● ACTION ITEM
Look for "real" in the records and copy every line that has it.

Stored data entries:
(* Fix an integer $k\ge 3$. For every $\varepsilon>0$ there exists $N$ such that for all $n\ge N$, every vector $k$-separating code $\mathcal C\subseteq (S^{k-1})^n$ of block length $n$ satisfies \[ \frac{\log_2|\mathcal C|}{n}\le \frac{k!}{k^{k-1}}+\varepsilon . \]
   Context: $S^{k-1}$ denotes the unit sphere in $\mathbb R^k$. A subset $\mathcal C\subseteq (S^{k-1})^n$ is vector $k$-separating if for any $k$ distinct codewords $c^{(1)},\dots,c^{(k)}\in\mathcal C$ there is a coordinate $i\in[n]$ such that the vectors $c^{(1)}_i,\dots,c^{(k)}_i$ are mutually orthogonal. *)

theory Defs
  imports "HOL-Analysis.Analysis"
begin

text \<open>A code of block length n over the unit sphere S^{k-1} of R^k (k = CARD('k)):
  codewords are functions on the coordinate set {..<n} (extensional, i.e. undefined outside)
  whose values are unit vectors.\<close>
definition sphere_code :: "nat \<Rightarrow> (nat \<Rightarrow> real^'k) set \<Rightarrow> bool" where
  "sphere_code n C \<longleftrightarrow> C \<subseteq> PiE {..<n} (\<lambda>_. sphere 0 1)"

definition vector_k_separating :: "nat \<Rightarrow> (nat \<Rightarrow> real^'k) set \<Rightarrow> bool" where
  "vector_k_separating n C \<longleftrightarrow>
     (\<forall>S. S \<subseteq> C \<and> finite S \<and> card S = CARD('k) \<longrightarrow>
        (\<exists>i<n. \<forall>x\<in>S. \<forall>y\<in>S. x \<noteq> y \<longrightarrow> inner (x i) (y i) = 0))"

● RESPONSE TO THIS EXERCISE
definition sphere_code :: "nat \<Rightarrow> (nat \<Rightarrow> real^'k) set \<Rightarrow> bool" where
definition vector_k_separating :: "nat \<Rightarrow> (nat \<Rightarrow> real^'k) set \<Rightarrow> bool" where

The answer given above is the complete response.